◆ **DATA TO PROCESS**
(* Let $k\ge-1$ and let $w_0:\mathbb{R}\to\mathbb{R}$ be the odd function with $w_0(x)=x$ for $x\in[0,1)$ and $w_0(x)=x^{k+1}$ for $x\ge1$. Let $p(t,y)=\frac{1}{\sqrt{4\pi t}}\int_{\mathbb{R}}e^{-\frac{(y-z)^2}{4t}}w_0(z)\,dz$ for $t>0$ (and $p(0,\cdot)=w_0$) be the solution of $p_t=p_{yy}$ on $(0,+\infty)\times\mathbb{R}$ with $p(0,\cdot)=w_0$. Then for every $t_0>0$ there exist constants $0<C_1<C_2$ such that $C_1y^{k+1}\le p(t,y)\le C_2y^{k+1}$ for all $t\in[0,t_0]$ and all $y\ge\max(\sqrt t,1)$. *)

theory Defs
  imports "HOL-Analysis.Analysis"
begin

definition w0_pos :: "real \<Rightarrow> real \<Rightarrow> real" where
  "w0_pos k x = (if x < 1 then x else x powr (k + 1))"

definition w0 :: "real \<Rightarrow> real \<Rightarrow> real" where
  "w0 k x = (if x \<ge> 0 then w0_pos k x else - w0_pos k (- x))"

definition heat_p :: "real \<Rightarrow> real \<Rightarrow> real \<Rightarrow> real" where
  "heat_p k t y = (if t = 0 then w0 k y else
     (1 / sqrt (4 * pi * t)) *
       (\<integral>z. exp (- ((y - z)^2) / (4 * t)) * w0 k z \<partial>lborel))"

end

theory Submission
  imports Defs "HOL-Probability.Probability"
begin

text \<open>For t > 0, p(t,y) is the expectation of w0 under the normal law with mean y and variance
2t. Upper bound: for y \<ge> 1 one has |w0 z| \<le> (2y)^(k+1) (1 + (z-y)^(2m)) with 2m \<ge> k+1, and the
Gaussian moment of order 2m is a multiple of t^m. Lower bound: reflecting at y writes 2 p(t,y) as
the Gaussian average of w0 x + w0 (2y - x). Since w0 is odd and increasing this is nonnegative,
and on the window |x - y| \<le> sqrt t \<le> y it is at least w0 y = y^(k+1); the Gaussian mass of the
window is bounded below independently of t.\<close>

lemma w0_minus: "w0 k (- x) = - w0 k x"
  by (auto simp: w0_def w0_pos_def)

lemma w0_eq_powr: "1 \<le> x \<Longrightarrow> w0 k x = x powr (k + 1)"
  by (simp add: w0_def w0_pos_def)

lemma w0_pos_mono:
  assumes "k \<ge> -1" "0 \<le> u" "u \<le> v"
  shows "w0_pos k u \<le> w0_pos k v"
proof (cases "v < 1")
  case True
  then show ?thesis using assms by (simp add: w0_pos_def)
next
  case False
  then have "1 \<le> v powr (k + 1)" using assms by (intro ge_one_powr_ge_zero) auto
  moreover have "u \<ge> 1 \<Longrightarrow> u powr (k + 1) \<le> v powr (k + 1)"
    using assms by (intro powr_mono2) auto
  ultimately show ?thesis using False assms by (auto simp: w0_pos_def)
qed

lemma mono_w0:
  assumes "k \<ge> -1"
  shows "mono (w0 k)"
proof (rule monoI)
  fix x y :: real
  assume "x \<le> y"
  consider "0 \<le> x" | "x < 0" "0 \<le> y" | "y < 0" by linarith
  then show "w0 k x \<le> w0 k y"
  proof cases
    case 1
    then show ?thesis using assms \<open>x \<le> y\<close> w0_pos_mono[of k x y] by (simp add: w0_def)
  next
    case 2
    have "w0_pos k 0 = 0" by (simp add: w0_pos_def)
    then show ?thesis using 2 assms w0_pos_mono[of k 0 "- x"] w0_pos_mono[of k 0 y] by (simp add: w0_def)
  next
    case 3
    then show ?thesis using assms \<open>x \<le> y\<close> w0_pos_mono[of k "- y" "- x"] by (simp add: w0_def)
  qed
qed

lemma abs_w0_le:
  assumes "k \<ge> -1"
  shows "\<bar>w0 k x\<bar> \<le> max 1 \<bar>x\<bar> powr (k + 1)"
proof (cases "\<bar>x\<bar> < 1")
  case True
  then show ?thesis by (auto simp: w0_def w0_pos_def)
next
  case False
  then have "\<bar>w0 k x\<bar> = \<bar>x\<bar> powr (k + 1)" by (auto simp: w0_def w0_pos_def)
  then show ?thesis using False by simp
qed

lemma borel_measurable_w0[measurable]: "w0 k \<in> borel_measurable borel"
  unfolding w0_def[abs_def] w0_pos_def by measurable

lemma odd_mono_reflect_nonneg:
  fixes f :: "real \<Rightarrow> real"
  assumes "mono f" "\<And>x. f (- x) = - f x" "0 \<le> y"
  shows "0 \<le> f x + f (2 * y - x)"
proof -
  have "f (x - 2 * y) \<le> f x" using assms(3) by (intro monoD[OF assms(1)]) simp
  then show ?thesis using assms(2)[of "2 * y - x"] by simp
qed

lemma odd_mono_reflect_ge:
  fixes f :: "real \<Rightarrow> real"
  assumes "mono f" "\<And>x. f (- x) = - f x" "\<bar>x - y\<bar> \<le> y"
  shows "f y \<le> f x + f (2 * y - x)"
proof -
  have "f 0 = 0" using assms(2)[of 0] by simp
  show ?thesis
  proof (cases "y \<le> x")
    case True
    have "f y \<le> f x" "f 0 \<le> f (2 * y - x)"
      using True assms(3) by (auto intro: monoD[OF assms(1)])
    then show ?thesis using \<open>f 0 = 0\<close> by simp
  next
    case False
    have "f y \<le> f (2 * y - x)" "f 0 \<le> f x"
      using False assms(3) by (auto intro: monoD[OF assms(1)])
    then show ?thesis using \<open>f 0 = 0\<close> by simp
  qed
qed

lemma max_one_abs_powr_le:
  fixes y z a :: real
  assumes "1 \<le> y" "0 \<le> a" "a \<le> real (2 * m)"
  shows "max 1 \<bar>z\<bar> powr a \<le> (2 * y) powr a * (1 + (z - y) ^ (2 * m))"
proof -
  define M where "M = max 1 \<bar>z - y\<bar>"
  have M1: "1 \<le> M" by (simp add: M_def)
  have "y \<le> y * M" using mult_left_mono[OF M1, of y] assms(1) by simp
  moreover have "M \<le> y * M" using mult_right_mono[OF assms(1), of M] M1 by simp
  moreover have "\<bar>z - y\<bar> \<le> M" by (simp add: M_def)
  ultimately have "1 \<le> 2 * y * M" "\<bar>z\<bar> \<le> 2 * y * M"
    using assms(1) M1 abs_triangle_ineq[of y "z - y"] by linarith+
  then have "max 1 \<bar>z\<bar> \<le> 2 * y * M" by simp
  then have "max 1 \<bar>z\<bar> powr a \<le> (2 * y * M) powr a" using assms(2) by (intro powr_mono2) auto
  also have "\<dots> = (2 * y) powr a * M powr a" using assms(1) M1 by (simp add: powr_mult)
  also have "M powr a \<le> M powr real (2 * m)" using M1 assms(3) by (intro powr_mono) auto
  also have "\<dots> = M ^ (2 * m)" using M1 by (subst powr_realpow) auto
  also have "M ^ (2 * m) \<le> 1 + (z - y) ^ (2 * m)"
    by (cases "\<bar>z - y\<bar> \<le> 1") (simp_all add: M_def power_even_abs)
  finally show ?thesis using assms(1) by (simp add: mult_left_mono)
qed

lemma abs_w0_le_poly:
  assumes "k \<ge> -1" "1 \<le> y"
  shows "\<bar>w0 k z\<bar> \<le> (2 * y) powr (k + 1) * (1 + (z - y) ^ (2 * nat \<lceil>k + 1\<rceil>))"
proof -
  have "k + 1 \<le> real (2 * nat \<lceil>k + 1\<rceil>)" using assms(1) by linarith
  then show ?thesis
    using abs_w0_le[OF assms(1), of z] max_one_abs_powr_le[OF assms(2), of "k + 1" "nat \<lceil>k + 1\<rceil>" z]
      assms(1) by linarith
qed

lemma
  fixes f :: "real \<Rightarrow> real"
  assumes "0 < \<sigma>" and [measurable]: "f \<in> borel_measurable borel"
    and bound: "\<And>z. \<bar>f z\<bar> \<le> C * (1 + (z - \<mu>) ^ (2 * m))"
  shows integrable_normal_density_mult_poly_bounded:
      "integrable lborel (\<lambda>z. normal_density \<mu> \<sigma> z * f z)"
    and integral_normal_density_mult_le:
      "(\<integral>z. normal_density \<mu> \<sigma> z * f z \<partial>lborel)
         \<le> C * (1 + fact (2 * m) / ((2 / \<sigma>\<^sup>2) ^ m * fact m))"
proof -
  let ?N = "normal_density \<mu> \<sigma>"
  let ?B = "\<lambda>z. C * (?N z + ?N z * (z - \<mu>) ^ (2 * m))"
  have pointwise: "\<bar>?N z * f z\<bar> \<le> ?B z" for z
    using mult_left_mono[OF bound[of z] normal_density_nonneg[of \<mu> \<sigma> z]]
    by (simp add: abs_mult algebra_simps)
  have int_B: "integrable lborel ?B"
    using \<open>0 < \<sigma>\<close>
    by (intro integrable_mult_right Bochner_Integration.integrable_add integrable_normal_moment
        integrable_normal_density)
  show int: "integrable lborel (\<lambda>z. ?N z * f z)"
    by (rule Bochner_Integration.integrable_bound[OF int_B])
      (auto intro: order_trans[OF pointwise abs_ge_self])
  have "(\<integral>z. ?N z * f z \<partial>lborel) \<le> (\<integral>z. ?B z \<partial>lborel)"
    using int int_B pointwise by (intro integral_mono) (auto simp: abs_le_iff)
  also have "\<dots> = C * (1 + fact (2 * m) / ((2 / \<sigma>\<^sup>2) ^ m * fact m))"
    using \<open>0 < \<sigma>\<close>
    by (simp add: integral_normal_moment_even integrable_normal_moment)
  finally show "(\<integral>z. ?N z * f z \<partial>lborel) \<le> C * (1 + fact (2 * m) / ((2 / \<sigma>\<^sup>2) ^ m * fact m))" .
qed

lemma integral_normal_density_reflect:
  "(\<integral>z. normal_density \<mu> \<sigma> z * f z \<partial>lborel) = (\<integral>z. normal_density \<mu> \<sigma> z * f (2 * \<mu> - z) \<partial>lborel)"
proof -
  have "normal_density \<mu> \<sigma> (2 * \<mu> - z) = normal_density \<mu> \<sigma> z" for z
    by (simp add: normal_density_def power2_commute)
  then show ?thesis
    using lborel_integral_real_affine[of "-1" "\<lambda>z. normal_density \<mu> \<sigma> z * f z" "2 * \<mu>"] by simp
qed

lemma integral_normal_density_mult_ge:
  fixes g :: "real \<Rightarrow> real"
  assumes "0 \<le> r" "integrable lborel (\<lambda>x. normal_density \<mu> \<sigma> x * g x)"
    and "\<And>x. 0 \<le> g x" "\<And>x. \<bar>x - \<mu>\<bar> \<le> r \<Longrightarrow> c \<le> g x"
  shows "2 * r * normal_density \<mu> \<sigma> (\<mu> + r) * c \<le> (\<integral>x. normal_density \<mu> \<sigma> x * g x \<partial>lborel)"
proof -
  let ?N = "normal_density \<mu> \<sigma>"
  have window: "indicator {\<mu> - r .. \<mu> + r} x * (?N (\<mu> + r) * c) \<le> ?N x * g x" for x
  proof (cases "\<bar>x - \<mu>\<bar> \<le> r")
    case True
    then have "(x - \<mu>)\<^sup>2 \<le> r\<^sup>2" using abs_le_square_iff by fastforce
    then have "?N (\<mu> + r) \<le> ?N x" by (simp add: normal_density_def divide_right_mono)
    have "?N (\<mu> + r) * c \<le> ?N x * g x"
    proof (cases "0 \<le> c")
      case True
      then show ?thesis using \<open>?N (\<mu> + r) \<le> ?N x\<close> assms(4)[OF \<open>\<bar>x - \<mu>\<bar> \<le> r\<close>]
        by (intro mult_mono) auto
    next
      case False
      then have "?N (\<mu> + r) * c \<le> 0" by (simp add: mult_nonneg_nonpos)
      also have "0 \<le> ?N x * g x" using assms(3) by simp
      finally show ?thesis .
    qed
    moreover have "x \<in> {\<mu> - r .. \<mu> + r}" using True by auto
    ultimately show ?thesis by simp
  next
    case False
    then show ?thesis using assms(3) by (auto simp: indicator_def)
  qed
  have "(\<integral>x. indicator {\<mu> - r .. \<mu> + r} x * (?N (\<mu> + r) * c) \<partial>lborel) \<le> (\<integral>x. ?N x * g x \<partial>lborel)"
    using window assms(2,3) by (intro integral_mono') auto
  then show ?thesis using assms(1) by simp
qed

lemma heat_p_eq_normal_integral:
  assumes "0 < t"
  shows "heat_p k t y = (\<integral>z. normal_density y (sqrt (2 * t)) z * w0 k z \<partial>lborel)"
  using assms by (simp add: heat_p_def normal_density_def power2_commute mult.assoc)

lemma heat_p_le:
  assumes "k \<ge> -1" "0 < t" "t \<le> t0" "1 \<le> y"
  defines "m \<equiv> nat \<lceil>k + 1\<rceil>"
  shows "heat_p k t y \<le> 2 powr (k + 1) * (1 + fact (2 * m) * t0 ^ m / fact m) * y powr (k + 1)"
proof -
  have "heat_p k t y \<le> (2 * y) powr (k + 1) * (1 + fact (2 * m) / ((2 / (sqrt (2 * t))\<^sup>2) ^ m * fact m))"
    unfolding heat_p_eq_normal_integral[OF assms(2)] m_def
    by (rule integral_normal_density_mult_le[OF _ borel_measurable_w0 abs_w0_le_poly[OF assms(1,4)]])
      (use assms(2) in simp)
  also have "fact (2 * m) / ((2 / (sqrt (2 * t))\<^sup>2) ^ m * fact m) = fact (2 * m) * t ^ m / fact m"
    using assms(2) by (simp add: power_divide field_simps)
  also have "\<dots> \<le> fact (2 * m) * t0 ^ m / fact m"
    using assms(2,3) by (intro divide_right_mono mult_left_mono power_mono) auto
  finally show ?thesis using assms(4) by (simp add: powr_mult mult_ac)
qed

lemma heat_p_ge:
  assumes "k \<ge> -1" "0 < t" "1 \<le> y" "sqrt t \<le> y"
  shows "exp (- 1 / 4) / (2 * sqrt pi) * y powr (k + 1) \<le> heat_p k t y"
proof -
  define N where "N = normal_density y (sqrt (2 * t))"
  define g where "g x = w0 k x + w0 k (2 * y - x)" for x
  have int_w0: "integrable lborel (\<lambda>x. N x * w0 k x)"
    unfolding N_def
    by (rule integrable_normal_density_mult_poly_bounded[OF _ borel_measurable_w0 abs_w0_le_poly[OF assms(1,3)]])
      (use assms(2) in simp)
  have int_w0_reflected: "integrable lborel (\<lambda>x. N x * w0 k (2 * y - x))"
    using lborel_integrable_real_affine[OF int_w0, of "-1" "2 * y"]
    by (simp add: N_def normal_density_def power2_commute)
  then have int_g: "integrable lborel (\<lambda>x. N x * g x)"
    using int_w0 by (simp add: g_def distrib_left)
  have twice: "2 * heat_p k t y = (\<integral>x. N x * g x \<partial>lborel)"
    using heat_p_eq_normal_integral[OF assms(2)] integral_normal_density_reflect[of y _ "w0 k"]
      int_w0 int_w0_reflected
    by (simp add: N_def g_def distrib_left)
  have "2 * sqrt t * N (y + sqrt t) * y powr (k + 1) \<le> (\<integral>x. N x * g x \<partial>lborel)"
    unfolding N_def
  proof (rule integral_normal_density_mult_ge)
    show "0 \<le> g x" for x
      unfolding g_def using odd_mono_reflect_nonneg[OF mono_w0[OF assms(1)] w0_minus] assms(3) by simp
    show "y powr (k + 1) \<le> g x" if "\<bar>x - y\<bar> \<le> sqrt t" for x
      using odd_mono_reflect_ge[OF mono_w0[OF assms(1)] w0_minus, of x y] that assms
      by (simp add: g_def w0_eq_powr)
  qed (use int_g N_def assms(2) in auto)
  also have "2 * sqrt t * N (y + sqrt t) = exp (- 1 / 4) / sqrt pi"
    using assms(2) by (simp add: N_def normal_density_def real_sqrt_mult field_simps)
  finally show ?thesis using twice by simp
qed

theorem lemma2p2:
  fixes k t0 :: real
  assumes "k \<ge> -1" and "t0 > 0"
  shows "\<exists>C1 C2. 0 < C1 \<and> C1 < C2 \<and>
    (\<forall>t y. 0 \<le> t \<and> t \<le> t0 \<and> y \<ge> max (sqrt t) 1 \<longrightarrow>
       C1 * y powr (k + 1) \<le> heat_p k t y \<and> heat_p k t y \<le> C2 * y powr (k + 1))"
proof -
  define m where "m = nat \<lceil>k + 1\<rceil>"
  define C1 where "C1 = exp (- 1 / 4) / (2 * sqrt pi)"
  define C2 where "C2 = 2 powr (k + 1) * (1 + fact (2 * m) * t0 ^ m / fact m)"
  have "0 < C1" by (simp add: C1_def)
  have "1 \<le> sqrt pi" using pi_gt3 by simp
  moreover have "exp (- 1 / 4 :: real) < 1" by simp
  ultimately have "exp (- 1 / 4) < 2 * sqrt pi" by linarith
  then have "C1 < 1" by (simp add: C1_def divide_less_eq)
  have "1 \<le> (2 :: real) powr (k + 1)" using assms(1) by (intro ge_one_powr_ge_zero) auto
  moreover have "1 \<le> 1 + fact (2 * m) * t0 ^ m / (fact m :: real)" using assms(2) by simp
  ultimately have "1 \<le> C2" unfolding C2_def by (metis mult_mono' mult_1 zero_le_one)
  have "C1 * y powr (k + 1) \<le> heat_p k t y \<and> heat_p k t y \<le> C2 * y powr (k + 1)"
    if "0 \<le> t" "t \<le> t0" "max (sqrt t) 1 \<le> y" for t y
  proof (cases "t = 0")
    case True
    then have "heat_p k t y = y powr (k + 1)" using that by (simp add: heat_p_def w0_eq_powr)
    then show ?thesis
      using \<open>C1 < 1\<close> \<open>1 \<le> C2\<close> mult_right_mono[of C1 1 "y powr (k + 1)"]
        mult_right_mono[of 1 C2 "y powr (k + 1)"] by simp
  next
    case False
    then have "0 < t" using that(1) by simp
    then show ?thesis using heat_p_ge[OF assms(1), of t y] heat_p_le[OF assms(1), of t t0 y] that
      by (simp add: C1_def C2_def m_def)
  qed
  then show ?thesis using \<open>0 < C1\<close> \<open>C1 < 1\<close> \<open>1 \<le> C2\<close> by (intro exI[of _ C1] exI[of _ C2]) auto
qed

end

◆ **TASK INSTRUCTIONS**
What is needed is a verbatim copy of every line in the records above from the one containing "y = (\<integral>x." down to the one containing "by (simp add: g_def w0_eq_powr)", both included, and nothing more.

◆ **TASK RESPONSE**
  have twice: "2 * heat_p k t y = (\<integral>x. N x * g x \<partial>lborel)"
    using heat_p_eq_normal_integral[OF assms(2)] integral_normal_density_reflect[of y _ "w0 k"]
      int_w0 int_w0_reflected
    by (simp add: N_def g_def distrib_left)
  have "2 * sqrt t * N (y + sqrt t) * y powr (k + 1) \<le> (\<integral>x. N x * g x \<partial>lborel)"
    unfolding N_def
  proof (rule integral_normal_density_mult_ge)
    show "0 \<le> g x" for x
      unfolding g_def using odd_mono_reflect_nonneg[OF mono_w0[OF assms(1)] w0_minus] assms(3) by simp
    show "y powr (k + 1) \<le> g x" if "\<bar>x - y\<bar> \<le> sqrt t" for x
      using odd_mono_reflect_ge[OF mono_w0[OF assms(1)] w0_minus, of x y] that assms
      by (simp add: g_def w0_eq_powr)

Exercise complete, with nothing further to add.